Your task ▸
When you reach the line containing "using u[OF that]" in the records below, start copying exactly, and stop once you have copied the line containing "add: power2_eq_square algebra_simps)".

Collected data:
------------------------------
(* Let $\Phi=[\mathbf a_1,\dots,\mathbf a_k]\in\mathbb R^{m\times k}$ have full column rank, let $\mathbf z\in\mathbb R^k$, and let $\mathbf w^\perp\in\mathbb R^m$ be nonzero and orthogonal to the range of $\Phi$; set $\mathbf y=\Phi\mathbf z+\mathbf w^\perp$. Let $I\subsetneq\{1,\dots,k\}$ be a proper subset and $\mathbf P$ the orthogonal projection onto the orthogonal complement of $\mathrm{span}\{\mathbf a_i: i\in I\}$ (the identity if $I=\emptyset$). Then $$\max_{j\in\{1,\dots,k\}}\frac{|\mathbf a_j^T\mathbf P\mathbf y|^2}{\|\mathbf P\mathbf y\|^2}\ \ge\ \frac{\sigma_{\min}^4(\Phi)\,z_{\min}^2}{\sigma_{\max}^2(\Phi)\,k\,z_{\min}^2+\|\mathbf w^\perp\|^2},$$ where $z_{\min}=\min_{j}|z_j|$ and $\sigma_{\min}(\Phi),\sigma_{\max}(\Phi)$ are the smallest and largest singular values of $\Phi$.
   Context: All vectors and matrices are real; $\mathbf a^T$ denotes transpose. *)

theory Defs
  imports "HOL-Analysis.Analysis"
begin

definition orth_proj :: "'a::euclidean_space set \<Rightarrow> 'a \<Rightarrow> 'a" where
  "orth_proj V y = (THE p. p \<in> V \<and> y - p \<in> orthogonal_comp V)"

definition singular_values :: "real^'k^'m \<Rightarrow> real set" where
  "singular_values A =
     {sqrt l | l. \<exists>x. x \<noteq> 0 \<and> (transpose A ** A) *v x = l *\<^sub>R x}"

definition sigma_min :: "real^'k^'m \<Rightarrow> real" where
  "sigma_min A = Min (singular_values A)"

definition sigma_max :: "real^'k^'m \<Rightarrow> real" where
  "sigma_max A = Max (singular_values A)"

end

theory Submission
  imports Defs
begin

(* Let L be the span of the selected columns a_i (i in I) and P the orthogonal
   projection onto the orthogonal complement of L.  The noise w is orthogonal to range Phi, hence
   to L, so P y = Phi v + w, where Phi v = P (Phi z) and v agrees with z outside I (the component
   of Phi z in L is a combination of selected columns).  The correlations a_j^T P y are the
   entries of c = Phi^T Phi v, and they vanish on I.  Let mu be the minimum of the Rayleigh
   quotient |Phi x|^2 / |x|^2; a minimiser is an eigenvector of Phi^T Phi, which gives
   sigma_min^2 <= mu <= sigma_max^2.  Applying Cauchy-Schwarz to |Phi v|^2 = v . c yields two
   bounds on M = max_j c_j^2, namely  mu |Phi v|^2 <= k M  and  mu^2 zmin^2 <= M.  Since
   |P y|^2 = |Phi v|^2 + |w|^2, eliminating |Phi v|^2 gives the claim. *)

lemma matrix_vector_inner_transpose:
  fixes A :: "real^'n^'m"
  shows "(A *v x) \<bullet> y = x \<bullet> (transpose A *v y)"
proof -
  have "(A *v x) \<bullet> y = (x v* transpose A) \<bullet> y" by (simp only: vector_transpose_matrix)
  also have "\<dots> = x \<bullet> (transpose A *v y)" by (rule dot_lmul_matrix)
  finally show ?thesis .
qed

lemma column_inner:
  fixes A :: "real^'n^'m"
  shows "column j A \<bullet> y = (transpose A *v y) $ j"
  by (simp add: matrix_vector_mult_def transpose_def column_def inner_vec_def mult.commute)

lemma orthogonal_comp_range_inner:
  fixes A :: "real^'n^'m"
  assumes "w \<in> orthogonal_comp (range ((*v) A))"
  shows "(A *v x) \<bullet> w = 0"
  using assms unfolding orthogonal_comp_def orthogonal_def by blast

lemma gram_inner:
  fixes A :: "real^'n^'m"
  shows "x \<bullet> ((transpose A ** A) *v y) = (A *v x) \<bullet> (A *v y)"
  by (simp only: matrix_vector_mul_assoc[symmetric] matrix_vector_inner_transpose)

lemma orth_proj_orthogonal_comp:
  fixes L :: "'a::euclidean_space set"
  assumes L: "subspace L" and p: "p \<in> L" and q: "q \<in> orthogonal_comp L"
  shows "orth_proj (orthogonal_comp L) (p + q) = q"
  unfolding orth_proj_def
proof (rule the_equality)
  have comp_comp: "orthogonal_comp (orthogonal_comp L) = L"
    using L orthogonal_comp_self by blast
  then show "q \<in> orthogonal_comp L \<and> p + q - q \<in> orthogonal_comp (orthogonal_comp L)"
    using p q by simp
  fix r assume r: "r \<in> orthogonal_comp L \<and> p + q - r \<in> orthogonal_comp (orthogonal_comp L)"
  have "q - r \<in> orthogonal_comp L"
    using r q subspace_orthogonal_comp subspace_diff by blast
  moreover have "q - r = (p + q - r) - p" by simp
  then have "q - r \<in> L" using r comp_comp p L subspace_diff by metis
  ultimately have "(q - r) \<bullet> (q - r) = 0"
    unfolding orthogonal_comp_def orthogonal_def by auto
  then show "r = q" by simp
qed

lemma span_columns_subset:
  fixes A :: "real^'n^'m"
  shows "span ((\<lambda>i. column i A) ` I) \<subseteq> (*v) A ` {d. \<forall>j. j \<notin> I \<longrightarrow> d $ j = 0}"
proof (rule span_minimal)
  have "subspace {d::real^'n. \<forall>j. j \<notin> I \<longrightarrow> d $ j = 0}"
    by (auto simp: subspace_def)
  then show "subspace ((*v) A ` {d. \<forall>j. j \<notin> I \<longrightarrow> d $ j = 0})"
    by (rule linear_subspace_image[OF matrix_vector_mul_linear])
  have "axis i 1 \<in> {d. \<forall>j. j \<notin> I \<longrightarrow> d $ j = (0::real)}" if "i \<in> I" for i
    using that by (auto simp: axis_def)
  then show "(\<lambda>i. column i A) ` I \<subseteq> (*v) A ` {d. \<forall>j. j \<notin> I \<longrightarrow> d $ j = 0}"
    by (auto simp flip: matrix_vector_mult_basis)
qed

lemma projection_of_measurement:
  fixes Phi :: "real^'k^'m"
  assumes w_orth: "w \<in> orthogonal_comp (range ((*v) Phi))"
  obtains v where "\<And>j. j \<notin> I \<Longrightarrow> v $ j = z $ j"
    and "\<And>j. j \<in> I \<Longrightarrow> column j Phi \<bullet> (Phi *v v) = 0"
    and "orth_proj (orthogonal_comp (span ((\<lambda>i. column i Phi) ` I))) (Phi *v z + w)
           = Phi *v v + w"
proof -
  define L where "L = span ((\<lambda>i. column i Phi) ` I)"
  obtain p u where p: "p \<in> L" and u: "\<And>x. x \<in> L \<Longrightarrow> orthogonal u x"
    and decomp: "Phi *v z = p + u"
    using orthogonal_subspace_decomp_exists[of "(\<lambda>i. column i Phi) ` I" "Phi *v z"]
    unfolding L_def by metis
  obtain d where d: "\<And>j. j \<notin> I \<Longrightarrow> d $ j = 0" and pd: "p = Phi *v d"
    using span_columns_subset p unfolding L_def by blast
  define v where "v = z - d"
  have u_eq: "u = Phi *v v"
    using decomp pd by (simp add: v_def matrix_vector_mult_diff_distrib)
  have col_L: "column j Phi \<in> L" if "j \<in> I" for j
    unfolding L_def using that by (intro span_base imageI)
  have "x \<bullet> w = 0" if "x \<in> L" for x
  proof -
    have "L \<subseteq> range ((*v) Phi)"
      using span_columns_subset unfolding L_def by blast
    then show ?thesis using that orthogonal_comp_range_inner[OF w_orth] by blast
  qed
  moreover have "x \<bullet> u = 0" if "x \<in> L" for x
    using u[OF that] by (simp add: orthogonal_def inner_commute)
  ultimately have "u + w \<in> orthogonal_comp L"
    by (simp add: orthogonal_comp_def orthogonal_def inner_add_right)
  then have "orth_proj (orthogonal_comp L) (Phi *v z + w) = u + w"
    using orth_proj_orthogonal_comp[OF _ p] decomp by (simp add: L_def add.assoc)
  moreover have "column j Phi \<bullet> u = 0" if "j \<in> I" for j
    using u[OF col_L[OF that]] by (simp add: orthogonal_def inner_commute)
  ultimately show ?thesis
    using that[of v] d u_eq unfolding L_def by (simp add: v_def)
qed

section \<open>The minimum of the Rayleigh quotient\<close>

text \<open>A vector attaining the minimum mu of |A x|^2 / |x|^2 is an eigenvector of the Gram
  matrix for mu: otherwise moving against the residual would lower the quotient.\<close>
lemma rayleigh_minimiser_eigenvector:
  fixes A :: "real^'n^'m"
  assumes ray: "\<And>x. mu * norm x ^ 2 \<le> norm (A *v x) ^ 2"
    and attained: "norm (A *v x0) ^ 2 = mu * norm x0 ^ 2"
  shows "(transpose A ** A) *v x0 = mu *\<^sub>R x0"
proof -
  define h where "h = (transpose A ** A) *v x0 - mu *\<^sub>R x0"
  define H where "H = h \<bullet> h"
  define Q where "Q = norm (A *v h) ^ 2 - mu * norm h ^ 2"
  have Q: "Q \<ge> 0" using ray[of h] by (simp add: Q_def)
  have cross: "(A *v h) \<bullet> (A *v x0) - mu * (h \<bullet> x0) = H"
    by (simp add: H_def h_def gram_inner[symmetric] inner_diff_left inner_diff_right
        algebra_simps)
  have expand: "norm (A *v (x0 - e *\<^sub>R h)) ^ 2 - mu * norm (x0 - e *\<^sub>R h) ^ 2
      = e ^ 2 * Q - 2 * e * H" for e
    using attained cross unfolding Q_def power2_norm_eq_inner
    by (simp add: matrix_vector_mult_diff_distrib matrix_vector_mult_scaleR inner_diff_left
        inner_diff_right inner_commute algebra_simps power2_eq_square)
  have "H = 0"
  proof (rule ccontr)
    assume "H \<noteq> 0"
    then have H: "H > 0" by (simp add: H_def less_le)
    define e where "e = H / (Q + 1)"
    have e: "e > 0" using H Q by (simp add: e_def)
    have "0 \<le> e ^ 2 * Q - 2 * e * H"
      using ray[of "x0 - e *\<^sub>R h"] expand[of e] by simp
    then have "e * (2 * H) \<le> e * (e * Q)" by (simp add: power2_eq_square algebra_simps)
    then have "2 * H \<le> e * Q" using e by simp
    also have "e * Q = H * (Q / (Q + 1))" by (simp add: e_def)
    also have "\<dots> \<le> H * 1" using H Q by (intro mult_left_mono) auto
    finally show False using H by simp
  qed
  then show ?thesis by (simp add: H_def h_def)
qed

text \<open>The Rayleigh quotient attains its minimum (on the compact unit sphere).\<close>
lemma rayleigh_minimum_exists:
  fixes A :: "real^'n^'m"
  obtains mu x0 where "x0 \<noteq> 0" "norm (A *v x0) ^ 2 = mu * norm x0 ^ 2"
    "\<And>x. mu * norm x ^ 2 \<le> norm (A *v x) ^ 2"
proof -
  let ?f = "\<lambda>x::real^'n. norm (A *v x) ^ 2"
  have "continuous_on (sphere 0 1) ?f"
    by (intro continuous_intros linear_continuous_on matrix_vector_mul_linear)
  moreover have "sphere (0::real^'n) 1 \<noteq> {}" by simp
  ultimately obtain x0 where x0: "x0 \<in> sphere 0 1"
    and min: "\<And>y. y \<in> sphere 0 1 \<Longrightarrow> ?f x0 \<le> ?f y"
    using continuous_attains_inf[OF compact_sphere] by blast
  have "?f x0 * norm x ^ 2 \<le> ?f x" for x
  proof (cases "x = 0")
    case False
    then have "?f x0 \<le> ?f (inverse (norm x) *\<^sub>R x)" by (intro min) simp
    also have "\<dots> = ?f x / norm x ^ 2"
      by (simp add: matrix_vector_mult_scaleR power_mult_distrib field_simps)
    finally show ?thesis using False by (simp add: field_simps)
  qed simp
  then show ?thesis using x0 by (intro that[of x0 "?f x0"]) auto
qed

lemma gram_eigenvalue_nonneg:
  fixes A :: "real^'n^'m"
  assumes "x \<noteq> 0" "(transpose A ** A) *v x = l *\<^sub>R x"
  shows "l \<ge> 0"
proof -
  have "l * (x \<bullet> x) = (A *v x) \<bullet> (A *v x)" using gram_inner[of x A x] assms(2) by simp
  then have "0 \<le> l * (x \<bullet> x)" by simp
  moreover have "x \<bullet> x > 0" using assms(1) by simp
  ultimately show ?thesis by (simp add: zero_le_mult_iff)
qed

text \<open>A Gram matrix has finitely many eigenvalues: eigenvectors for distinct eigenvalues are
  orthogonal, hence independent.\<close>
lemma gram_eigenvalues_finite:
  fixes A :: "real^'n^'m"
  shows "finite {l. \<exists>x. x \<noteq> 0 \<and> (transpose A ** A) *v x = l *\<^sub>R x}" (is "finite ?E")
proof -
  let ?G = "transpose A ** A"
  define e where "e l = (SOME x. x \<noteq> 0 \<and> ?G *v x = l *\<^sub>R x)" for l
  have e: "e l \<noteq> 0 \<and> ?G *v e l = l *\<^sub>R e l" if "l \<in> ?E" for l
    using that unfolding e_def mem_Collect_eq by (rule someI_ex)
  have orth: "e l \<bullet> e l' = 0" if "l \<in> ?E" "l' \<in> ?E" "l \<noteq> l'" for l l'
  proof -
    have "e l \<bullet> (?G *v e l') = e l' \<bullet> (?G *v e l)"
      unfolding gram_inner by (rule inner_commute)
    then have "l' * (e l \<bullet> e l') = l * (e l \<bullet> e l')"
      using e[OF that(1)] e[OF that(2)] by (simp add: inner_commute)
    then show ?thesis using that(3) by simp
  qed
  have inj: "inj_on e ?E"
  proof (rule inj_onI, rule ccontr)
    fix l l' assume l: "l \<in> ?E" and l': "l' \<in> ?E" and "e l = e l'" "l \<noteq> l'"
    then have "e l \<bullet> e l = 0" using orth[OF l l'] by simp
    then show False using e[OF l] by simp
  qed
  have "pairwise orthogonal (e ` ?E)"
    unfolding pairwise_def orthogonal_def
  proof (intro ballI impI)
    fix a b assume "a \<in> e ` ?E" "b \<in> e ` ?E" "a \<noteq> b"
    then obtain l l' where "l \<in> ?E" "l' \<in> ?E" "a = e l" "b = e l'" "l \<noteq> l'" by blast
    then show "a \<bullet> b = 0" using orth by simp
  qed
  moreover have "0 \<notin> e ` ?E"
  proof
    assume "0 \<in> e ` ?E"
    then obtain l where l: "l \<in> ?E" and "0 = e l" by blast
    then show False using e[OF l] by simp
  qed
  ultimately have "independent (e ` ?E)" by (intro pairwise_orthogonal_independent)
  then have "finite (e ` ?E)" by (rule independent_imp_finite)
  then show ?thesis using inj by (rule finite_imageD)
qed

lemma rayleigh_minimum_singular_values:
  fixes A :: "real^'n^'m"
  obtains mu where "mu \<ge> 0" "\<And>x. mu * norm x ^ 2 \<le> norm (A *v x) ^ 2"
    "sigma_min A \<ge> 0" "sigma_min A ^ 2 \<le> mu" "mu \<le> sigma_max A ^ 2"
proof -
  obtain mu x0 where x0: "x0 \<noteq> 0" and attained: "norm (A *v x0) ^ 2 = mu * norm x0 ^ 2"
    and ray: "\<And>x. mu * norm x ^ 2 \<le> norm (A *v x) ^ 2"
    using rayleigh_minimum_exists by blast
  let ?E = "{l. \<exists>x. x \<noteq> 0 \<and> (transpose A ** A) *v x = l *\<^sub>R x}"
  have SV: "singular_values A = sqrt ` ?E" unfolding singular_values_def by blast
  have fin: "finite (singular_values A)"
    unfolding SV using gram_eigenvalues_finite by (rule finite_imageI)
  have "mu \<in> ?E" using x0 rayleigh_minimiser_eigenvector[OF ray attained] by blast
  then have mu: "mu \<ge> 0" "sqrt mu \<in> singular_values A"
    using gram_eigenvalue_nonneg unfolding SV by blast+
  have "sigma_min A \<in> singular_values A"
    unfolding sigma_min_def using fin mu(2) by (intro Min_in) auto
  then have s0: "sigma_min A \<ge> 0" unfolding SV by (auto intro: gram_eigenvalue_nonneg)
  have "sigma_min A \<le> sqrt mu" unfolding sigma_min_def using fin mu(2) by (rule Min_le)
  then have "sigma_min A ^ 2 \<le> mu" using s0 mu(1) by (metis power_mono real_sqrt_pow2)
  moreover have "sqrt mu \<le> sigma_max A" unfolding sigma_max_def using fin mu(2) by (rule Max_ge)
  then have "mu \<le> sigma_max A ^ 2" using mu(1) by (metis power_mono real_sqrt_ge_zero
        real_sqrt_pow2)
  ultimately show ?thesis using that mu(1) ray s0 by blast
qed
------------------------------
Reply ▸
    using u[OF that] by (simp add: orthogonal_def inner_commute)
  ultimately have "u + w \<in> orthogonal_comp L"
    by (simp add: orthogonal_comp_def orthogonal_def inner_add_right)
  then have "orth_proj (orthogonal_comp L) (Phi *v z + w) = u + w"
    using orth_proj_orthogonal_comp[OF _ p] decomp by (simp add: L_def add.assoc)
  moreover have "column j Phi \<bullet> u = 0" if "j \<in> I" for j
    using u[OF col_L[OF that]] by (simp add: orthogonal_def inner_commute)
  ultimately show ?thesis
    using that[of v] d u_eq unfolding L_def by (simp add: v_def)
qed

section \<open>The minimum of the Rayleigh quotient\<close>

text \<open>A vector attaining the minimum mu of |A x|^2 / |x|^2 is an eigenvector of the Gram
  matrix for mu: otherwise moving against the residual would lower the quotient.\<close>
lemma rayleigh_minimiser_eigenvector:
  fixes A :: "real^'n^'m"
  assumes ray: "\<And>x. mu * norm x ^ 2 \<le> norm (A *v x) ^ 2"
    and attained: "norm (A *v x0) ^ 2 = mu * norm x0 ^ 2"
  shows "(transpose A ** A) *v x0 = mu *\<^sub>R x0"
proof -
  define h where "h = (transpose A ** A) *v x0 - mu *\<^sub>R x0"
  define H where "H = h \<bullet> h"
  define Q where "Q = norm (A *v h) ^ 2 - mu * norm h ^ 2"
  have Q: "Q \<ge> 0" using ray[of h] by (simp add: Q_def)
  have cross: "(A *v h) \<bullet> (A *v x0) - mu * (h \<bullet> x0) = H"
    by (simp add: H_def h_def gram_inner[symmetric] inner_diff_left inner_diff_right
        algebra_simps)
  have expand: "norm (A *v (x0 - e *\<^sub>R h)) ^ 2 - mu * norm (x0 - e *\<^sub>R h) ^ 2
      = e ^ 2 * Q - 2 * e * H" for e
    using attained cross unfolding Q_def power2_norm_eq_inner
    by (simp add: matrix_vector_mult_diff_distrib matrix_vector_mult_scaleR inner_diff_left
        inner_diff_right inner_commute algebra_simps power2_eq_square)
  have "H = 0"
  proof (rule ccontr)
    assume "H \<noteq> 0"
    then have H: "H > 0" by (simp add: H_def less_le)
    define e where "e = H / (Q + 1)"
    have e: "e > 0" using H Q by (simp add: e_def)
    have "0 \<le> e ^ 2 * Q - 2 * e * H"
      using ray[of "x0 - e *\<^sub>R h"] expand[of e] by simp
    then have "e * (2 * H) \<le> e * (e * Q)" by (simp add: power2_eq_square algebra_simps)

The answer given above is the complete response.